Armon Bassett

Personal information
- Born: December 28, 1986 (age 38) Terre Haute, Indiana
- Nationality: American
- Listed height: 6 ft 2 in (1.88 m)
- Listed weight: 180 lb (82 kg)

Career information
- High school: South (Terre Haute, Indiana); Hargrave Military Academy (Chatham, Virginia);
- College: Indiana (2006–2008); Ohio (2009–2010);
- NBA draft: 2010: undrafted
- Playing career: 2010–2011
- Position: Point guard

Career history
- 2010–2011: Ironi Ramat Gan

Career highlights and awards
- MAC tournament MVP (2010);

= Armon Bassett =

American basketball player

Armon Bassett (born December 28, 1986) is a former American professional basketball player. Bassett played collegiately at Indiana University prior to transferring to Ohio University, where he led the team to the NCAA tournament.

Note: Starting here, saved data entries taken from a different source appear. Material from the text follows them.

definition local_homeomorphism :: "'a topology \<Rightarrow> 'b topology \<Rightarrow> ('a \<Rightarrow> 'b) \<Rightarrow> bool" where
  "local_homeomorphism X Y f \<longleftrightarrow>
     continuous_map X Y f \<and>
     (\<forall>x\<in>topspace X. \<exists>U. openin X U \<and> x \<in> U \<and> openin Y (f ` U) \<and>
        homeomorphic_map (subtopology X U) (subtopology Y (f ` U)) f)"

text \<open>Arrow space: the topological space G (arrows = topspace G, possibly non-Hausdorff);
  object space: the set of units G0 (a subset of the arrows) with the subspace topology,
  required Hausdorff and locally compact. r, s range, source; m multiplication
  (m g h defined for s g = r h); i inversion.\<close>
definition etale_groupoid ::
  "'g topology \<Rightarrow> 'g set \<Rightarrow> ('g \<Rightarrow> 'g) \<Rightarrow> ('g \<Rightarrow> 'g) \<Rightarrow> ('g \<Rightarrow> 'g \<Rightarrow> 'g) \<Rightarrow> ('g \<Rightarrow> 'g) \<Rightarrow> bool" where
  "etale_groupoid G G0 r s m i \<longleftrightarrow>
     G0 \<subseteq> topspace G \<and>
     (\<forall>g\<in>topspace G. r g \<in> G0 \<and> s g \<in> G0 \<and> i g \<in> topspace G) \<and>
     (\<forall>u\<in>G0. r u = u \<and> s u = u) \<and>
     (\<forall>g\<in>topspace G. \<forall>h\<in>topspace G. s g = r h \<longrightarrow>
         m g h \<in> topspace G \<and> r (m g h) = r g \<and> s (m g h) = s h) \<and>
     (\<forall>g\<in>topspace G. \<forall>h\<in>topspace G. \<forall>k\<in>topspace G. s g = r h \<longrightarrow> s h = r k \<longrightarrow>
         m (m g h) k = m g (m h k)) \<and>
     (\<forall>g\<in>topspace G. m (r g) g = g \<and> m g (s g) = g) \<and>
     (\<forall>g\<in>topspace G. r (i g) = s g \<and> s (i g) = r g \<and> m g (i g) = r g \<and> m (i g) g = s g) \<and>
     Hausdorff_space (subtopology G G0) \<and> locally_compact_space (subtopology G G0) \<and>
     local_homeomorphism G (subtopology G G0) r \<and>
     local_homeomorphism G (subtopology G G0) s \<and>
     continuous_map (subtopology (prod_topology G G) {(g, h). g \<in> topspace G \<and> h \<in> topspace G \<and> s g = r h})
        G (\<lambda>(g, h). m g h) \<and>
     continuous_map G G i"

definition groupoid_correspondence ::
  "'h topology \<Rightarrow> 'h set \<Rightarrow> ('h \<Rightarrow> 'h) \<Rightarrow> ('h \<Rightarrow> 'h) \<Rightarrow> ('h \<Rightarrow> 'h \<Rightarrow> 'h) \<Rightarrow> ('h \<Rightarrow> 'h) \<Rightarrow>
   'x topology \<Rightarrow> ('x \<Rightarrow> 'h) \<Rightarrow> ('h \<Rightarrow> 'x \<Rightarrow> 'x) \<Rightarrow> ('x \<Rightarrow> 'g) \<Rightarrow> ('x \<Rightarrow> 'g \<Rightarrow> 'x) \<Rightarrow>
   'g topology \<Rightarrow> 'g set \<Rightarrow> ('g \<Rightarrow> 'g) \<Rightarrow> ('g \<Rightarrow> 'g) \<Rightarrow> ('g \<Rightarrow> 'g \<Rightarrow> 'g) \<Rightarrow> ('g \<Rightarrow> 'g) \<Rightarrow> bool" where
  "groupoid_correspondence H H0 rH sH mH iH X rX actL sX actR G G0 rG sG mG iG \<longleftrightarrow>
     etale_groupoid H H0 rH sH mH iH \<and> etale_groupoid G G0 rG sG mG iG \<and>
     \<comment> \<open>left action of H\<close>
     continuous_map X (subtopology H H0) rX \<and>
     (\<forall>h\<in>topspace H. \<forall>x\<in>topspace X. sH h = rX x \<longrightarrow>
        actL h x \<in> topspace X \<and> rX (actL h x) = rH h \<and> sX (actL h x) = sX x) \<and>
     (\<forall>h1\<in>topspace H. \<forall>h2\<in>topspace H. \<forall>x\<in>topspace X. sH h1 = rH h2 \<longrightarrow> sH h2 = rX x \<longrightarrow>
        actL (mH h1 h2) x = actL h1 (actL h2 x)) \<and>
     (\<forall>x\<in>topspace X. actL (rX x) x = x) \<and>
     continuous_map (subtopology (prod_topology H X) {(h, x). h \<in> topspace H \<and> x \<in> topspace X \<and> sH h = rX x})
        X (\<lambda>(h, x). actL h x) \<and>
     \<comment> \<open>right action of G\<close>
     local_homeomorphism X (subtopology G G0) sX \<and>
     (\<forall>x\<in>topspace X. \<forall>g\<in>topspace G. sX x = rG g \<longrightarrow>
        actR x g \<in> topspace X \<and> sX (actR x g) = sG g \<and> rX (actR x g) = rX x) \<and>
     (\<forall>x\<in>topspace X. \<forall>g1\<in>topspace G. \<forall>g2\<in>topspace G. sX x = rG g1 \<longrightarrow> sG g1 = rG g2 \<longrightarrow>
        actR x (mG g1 g2) = actR (actR x g1) g2) \<and>
     (\<forall>x\<in>topspace X. actR x (sX x) = x) \<and>
     continuous_map (subtopology (prod_topology X G) {(x, g). x \<in> topspace X \<and> g \<in> topspace G \<and> sX x = rG g})
        X (\<lambda>(x, g). actR x g) \<and>
     \<comment> \<open>the actions commute\<close>
     (\<forall>h\<in>topspace H. \<forall>x\<in>topspace X. \<forall>g\<in>topspace G. sH h = rX x \<longrightarrow> sX x = rG g \<longrightarrow>
        actR (actL h x) g = actL h (actR x g)) \<and>
     \<comment> \<open>the right action is free and proper\<close>
     (\<forall>x\<in>topspace X. \<forall>g\<in>topspace G. sX x = rG g \<longrightarrow> actR x g = x \<longrightarrow> g = sX x) \<and>
     proper_map (subtopology (prod_topology X G) {(x, g). x \<in> topspace X \<and> g \<in> topspace G \<and> sX x = rG g})
        (prod_topology X X) (\<lambda>(x, g). (x, actR x g))"

definition Cc_extension :: "'y topology \<Rightarrow> ('y \<Rightarrow> complex) \<Rightarrow> bool" where
  "Cc_extension Y f \<longleftrightarrow>
     (\<exists>V. openin Y V \<and> Hausdorff_space (subtopology Y V) \<and>
          continuous_map (subtopology Y V) euclidean f \<and>
          (\<exists>K. compactin (subtopology Y V) K \<and> (\<forall>y\<in>V - K. f y = 0)) \<and>
          (\<forall>y. y \<notin> V \<longrightarrow> f y = 0))"

definition frakS :: "'y topology \<Rightarrow> ('y \<Rightarrow> complex) set" where
  "frakS Y = {f. \<exists>(n::nat) c b. (\<forall>k<n. Cc_extension Y (b k)) \<and>
                   f = (\<lambda>y. \<Sum>k<n. c k * b k y)}"

definition conv :: "'g topology \<Rightarrow> ('g \<Rightarrow> 'g) \<Rightarrow> ('g \<Rightarrow> 'g \<Rightarrow> 'g) \<Rightarrow> ('g \<Rightarrow> 'g) \<Rightarrow>
    ('g \<Rightarrow> complex) \<Rightarrow> ('g \<Rightarrow> complex) \<Rightarrow> 'g \<Rightarrow> complex" where
  "conv G r m i \<xi> \<eta> g =
     (if g \<in> topspace G then
        (\<Sum>\<^sub>\<infinity>h\<in>{h \<in> topspace G. r h = r g}. \<xi> h * \<eta> (m (i h) g))
      else 0)"

definition invol :: "'g topology \<Rightarrow> ('g \<Rightarrow> 'g) \<Rightarrow> ('g \<Rightarrow> complex) \<Rightarrow> 'g \<Rightarrow> complex" where
  "invol G i \<xi> g = (if g \<in> topspace G then cnj (\<xi> (i g)) else 0)"

definition corr_inner :: "'x topology \<Rightarrow> ('x \<Rightarrow> 'g) \<Rightarrow> ('x \<Rightarrow> 'g \<Rightarrow> 'x) \<Rightarrow> 'g topology \<Rightarrow> ('g \<Rightarrow> 'g) \<Rightarrow>
    ('x \<Rightarrow> complex) \<Rightarrow> ('x \<Rightarrow> complex) \<Rightarrow> 'g \<Rightarrow> complex" where
  "corr_inner X sX actR G r \<xi> \<eta> g =
     (if g \<in> topspace G then
        (\<Sum>\<^sub>\<infinity>x\<in>{x \<in> topspace X. sX x = r g}. cnj (\<xi> x) * \<eta> (actR x g))
      else 0)"

end

theory Submission
  imports Defs
begin

text \<open>
  Cover the support of \<open>\<xi>\<close> by finitely many slices \<open>U\<^sub>j \<subseteq> X\<close>, i.e. open sets on which the
  anchor map is a homeomorphism onto an open set of units, and choose bumps \<open>\<psi>\<^sub>j\<close> supported in
  them. Because the action is free and proper, the orbit sums
  \<open>\<Psi>\<^sub>j x = \<Sum>\<^sub>g (\<psi>\<^sub>j (x g))\<^sup>2\<close> are locally finite, hence continuous, and they are
  invariant under the action; dividing each \<open>\<psi>\<^sub>j\<close> by \<open>sqrt (max (\<Sum>\<^sub>j \<Psi>\<^sub>j) 1)\<close>
  makes \<open>\<Sum>\<^sub>j \<Psi>\<^sub>j = 1\<close> on the support of \<open>\<xi>\<close>. For \<open>a\<^sub>j = \<langle>\<xi>|\<psi>\<^sub>j\<rangle>\<close> only one point
  \<open>x\<close> of a fibre is moved into \<open>U\<^sub>j\<close> by a given arrow, which gives
  \<open>(a\<^sub>j * a\<^sub>j\<^sup>*) g = \<Sum>\<^sub>x cnj (\<xi> x) \<xi> (x g) \<Psi>\<^sub>j x\<close>; summing over \<open>j\<close> yields
  \<open>\<langle>\<xi>|\<xi>\<rangle>\<close>. Finally \<open>\<langle>\<xi>|\<xi>\<rangle>\<close> evaluated at the unit \<open>sX x\<close> is
  \<open>\<Sum> |\<xi> y|\<^sup>2\<close> over the fibre of \<open>x\<close>, which is positive when \<open>\<xi> x \<noteq> 0\<close>.
\<close>

lemma infsum_eq_sum_superset:
  fixes f :: "'a \<Rightarrow> 'b::{comm_monoid_add,t2_space}"
  assumes "finite B" "B \<subseteq> A" "\<And>x. x \<in> A - B \<Longrightarrow> f x = 0"
  shows "infsum f A = sum f B"
proof -
  have "infsum f A = infsum f B"
    by (rule infsum_cong_neutral) (use assms in auto)
  with assms(1) show ?thesis by simp
qed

He was drafted in the 2010 NBA Development League Draft by the Maine Red Claws but cut prior to the season. He played one season professionally with Ironi Ramat Gan of Israel.

==Personal==
A native of Terre Haute, Indiana, Bassett attended Terre Haute South Vigo High School before attending Hargrave Military Academy for a prep year.

==MAC==
Bassett led 9th seeded Ohio to win the 2010 MAC men's basketball tournament, of which he was named MVP.